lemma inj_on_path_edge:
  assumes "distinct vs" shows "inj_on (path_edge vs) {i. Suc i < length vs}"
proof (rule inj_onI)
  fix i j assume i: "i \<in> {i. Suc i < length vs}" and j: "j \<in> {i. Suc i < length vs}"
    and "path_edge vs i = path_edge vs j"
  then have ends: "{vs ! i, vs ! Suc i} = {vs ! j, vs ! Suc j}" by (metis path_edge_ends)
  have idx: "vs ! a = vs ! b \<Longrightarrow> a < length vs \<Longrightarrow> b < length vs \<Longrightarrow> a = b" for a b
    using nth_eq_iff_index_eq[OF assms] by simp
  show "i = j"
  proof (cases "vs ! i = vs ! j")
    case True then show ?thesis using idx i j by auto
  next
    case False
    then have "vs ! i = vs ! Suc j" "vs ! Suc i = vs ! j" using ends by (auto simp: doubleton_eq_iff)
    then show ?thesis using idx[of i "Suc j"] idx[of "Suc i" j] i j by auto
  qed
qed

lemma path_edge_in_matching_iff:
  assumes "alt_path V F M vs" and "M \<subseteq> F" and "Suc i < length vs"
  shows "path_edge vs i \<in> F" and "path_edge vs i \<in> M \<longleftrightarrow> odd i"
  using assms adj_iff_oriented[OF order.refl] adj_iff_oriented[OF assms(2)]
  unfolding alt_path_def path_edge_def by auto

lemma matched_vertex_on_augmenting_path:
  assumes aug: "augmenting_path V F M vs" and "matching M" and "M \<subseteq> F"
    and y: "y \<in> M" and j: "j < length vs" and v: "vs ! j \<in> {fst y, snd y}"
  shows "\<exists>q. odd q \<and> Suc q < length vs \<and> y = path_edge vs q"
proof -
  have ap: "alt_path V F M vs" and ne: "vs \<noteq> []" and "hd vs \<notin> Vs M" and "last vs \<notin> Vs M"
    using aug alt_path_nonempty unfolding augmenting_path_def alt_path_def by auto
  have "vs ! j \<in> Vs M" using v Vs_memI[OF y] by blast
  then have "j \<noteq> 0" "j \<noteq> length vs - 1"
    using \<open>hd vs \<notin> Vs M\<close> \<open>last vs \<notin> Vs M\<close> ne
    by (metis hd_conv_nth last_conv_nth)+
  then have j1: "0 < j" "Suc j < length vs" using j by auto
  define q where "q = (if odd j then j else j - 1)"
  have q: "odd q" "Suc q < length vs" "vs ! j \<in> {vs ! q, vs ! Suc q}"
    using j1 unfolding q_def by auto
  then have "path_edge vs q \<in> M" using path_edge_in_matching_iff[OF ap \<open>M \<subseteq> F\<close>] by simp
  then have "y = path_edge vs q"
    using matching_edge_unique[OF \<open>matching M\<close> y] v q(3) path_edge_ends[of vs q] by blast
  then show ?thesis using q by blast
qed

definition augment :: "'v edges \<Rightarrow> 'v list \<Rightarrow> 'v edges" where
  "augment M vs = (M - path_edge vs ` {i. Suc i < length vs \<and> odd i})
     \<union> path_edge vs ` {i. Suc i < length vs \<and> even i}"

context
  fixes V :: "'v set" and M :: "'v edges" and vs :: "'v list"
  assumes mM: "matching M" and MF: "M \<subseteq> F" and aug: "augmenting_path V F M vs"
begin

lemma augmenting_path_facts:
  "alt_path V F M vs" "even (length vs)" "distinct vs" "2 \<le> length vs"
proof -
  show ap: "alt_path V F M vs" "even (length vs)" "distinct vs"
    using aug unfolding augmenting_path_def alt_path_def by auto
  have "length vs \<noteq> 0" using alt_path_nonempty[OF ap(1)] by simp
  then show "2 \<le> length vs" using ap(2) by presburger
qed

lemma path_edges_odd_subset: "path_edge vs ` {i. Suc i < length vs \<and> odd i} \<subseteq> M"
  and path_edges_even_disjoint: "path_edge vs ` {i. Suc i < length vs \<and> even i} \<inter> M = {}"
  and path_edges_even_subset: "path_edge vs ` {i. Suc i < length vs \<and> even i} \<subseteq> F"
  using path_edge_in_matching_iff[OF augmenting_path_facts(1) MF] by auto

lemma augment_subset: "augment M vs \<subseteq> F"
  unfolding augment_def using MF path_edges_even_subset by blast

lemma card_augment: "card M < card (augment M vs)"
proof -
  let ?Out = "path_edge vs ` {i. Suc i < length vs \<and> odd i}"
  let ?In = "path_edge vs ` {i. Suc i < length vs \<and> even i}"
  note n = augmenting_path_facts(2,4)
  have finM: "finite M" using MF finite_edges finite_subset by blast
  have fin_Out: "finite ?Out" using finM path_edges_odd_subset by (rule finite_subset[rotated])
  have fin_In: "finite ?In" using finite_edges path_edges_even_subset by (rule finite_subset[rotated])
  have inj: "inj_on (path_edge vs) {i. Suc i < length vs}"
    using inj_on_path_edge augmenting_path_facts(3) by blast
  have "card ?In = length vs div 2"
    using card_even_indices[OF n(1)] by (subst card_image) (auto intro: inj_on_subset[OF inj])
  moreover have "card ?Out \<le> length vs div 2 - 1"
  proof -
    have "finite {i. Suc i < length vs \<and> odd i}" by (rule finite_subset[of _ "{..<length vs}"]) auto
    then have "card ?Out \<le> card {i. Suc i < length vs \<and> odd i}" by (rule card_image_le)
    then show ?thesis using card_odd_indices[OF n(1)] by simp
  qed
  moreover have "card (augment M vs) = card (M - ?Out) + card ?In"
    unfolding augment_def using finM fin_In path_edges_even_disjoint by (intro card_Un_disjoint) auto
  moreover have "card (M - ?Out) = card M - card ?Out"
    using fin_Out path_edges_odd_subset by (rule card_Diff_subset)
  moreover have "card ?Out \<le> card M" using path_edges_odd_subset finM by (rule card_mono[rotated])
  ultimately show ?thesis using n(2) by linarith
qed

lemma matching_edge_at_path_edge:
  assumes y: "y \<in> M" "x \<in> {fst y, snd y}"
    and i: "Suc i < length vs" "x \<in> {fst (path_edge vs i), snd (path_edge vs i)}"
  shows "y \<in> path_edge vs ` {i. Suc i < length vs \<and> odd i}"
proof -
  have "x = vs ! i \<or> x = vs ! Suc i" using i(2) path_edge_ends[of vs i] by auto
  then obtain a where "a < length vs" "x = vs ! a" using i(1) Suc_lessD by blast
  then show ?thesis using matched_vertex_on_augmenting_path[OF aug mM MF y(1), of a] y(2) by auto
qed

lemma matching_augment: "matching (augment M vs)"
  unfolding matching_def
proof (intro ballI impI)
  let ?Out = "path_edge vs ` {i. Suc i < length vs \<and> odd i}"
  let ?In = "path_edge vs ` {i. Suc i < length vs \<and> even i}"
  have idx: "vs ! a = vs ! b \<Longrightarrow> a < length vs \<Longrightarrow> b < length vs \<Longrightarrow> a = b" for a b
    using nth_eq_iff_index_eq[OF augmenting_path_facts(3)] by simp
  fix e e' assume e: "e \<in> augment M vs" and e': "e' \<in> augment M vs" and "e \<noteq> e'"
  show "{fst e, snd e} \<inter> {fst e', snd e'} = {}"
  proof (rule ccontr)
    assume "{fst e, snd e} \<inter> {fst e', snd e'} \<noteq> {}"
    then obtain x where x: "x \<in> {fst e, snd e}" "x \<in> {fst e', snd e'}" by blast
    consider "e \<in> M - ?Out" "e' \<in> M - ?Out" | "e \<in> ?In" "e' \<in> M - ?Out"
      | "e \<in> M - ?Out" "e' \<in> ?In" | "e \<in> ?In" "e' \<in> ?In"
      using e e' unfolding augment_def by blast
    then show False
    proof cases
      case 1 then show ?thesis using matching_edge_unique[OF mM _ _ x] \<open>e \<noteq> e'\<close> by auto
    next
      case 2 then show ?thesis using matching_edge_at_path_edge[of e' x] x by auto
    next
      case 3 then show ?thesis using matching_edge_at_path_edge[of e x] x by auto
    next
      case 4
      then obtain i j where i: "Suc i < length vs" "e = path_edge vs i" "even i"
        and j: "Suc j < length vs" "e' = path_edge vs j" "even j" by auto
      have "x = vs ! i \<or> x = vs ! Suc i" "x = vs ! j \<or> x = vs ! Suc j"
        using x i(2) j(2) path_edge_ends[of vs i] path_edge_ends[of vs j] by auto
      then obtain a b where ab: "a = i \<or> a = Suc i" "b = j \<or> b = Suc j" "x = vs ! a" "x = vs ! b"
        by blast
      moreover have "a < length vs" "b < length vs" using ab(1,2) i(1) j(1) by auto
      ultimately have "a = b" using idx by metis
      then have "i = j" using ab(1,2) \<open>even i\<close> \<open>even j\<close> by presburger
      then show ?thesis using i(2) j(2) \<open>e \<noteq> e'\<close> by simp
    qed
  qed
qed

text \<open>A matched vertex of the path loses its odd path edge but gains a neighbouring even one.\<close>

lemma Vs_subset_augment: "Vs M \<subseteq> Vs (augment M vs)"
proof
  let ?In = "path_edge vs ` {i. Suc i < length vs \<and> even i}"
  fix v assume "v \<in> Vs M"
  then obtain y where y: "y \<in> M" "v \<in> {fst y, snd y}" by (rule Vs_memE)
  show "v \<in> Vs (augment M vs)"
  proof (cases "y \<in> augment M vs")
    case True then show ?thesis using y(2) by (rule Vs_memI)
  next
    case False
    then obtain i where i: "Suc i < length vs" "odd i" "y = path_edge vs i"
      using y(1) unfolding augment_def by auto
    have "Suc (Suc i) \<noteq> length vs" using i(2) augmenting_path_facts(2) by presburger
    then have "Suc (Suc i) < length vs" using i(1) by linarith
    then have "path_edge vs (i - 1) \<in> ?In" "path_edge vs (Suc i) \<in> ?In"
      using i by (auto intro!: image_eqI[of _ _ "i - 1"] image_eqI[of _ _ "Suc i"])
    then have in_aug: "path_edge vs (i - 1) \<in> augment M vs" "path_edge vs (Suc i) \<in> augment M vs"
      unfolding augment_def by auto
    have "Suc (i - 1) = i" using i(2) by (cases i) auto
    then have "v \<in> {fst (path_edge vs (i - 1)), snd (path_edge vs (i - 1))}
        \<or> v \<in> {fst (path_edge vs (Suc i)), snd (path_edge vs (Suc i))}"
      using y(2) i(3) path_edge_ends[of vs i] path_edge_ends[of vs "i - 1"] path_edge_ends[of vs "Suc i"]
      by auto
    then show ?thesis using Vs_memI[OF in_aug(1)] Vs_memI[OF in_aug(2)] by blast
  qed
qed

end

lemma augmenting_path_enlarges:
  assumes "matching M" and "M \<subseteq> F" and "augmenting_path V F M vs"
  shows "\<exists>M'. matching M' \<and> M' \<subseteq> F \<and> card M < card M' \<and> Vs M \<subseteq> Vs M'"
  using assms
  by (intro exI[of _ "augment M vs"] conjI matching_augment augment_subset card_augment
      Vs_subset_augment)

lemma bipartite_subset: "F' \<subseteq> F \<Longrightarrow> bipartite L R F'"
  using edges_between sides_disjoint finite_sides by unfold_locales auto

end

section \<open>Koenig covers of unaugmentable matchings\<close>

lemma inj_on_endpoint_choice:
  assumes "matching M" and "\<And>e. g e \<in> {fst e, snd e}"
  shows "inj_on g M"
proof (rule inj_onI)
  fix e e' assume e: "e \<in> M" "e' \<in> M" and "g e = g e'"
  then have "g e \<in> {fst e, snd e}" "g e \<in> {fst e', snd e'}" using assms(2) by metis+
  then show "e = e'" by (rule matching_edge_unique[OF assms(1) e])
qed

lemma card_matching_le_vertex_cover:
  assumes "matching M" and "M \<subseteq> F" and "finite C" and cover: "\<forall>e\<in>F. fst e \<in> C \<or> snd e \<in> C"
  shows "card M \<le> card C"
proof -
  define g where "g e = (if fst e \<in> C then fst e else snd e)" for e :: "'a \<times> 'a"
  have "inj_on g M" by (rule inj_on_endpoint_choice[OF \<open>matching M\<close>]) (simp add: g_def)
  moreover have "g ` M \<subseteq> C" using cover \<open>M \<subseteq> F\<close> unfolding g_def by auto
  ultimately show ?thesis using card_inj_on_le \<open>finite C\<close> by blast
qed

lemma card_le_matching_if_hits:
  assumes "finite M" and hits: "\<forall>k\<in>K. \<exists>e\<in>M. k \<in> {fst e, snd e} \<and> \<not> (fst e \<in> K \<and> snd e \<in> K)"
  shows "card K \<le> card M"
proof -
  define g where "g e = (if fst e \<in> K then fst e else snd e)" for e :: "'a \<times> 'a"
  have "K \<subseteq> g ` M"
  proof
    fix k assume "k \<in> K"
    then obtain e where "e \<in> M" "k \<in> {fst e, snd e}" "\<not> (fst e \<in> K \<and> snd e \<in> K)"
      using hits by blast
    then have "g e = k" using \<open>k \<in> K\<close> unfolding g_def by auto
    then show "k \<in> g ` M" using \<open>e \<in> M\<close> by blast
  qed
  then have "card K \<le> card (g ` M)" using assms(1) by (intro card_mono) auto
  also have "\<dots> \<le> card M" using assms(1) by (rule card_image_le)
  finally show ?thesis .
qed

- - - -

◆ Exercise ◆
From the material above, copy every line where the word "intro" is found.

◆ Answer space ◆
    using card_even_indices[OF n(1)] by (subst card_image) (auto intro: inj_on_subset[OF inj])
    unfolding augment_def using finM fin_In path_edges_even_disjoint by (intro card_Un_disjoint) auto
proof (intro ballI impI)
      using i by (auto intro!: image_eqI[of _ _ "i - 1"] image_eqI[of _ _ "Suc i"])
  by (intro exI[of _ "augment M vs"] conjI matching_augment augment_subset card_augment
  then have "card K \<le> card (g ` M)" using assms(1) by (intro card_mono) auto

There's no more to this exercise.